=== Dataset records ===
---*---

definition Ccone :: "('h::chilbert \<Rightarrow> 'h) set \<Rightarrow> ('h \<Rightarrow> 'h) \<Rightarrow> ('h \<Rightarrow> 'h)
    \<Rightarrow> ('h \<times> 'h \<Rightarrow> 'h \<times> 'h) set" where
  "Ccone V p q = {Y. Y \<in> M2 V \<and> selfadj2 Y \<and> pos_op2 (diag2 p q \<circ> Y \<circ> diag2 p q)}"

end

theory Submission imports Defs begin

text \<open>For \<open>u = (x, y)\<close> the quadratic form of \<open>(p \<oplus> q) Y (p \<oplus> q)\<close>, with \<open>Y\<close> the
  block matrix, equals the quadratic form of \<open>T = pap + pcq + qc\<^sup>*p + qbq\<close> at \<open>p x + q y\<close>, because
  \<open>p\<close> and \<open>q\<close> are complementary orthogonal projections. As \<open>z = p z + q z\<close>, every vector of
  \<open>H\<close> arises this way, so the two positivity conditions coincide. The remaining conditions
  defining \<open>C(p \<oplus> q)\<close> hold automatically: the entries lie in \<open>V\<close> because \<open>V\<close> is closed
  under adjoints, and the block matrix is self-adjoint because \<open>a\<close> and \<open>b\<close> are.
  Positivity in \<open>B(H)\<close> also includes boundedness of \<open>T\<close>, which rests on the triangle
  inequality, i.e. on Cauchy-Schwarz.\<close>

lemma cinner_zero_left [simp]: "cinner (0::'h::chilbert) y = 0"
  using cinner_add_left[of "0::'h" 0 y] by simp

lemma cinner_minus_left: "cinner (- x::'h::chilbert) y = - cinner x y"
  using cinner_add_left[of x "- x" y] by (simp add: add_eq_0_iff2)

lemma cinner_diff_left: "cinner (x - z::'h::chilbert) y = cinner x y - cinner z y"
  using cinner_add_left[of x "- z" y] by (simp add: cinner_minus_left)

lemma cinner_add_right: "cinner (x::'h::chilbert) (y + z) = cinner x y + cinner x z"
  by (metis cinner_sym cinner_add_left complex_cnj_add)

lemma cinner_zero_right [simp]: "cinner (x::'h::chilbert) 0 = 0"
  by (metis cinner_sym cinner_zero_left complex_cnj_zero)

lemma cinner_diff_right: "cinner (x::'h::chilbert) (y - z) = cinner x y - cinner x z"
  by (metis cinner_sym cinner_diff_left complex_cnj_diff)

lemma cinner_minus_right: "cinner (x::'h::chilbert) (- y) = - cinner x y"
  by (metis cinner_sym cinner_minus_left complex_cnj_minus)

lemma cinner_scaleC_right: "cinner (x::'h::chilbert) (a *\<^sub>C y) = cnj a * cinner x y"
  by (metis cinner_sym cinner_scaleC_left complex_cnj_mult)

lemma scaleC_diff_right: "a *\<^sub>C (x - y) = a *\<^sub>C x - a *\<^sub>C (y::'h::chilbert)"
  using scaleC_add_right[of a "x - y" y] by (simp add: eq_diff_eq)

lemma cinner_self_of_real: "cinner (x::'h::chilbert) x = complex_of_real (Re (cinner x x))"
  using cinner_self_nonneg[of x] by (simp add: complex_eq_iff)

---*---

=== Your assignment ===
Start with the line above that contains "block matrix, equals" and stop after the line that contains "every vector of". Output those lines exactly, and only those.

=== Response to the exercise ===
  block matrix, equals the quadratic form of \<open>T = pap + pcq + qc\<^sup>*p + qbq\<close> at \<open>p x + q y\<close>, because
  \<open>p\<close> and \<open>q\<close> are complementary orthogonal projections. As \<open>z = p z + q z\<close>, every vector of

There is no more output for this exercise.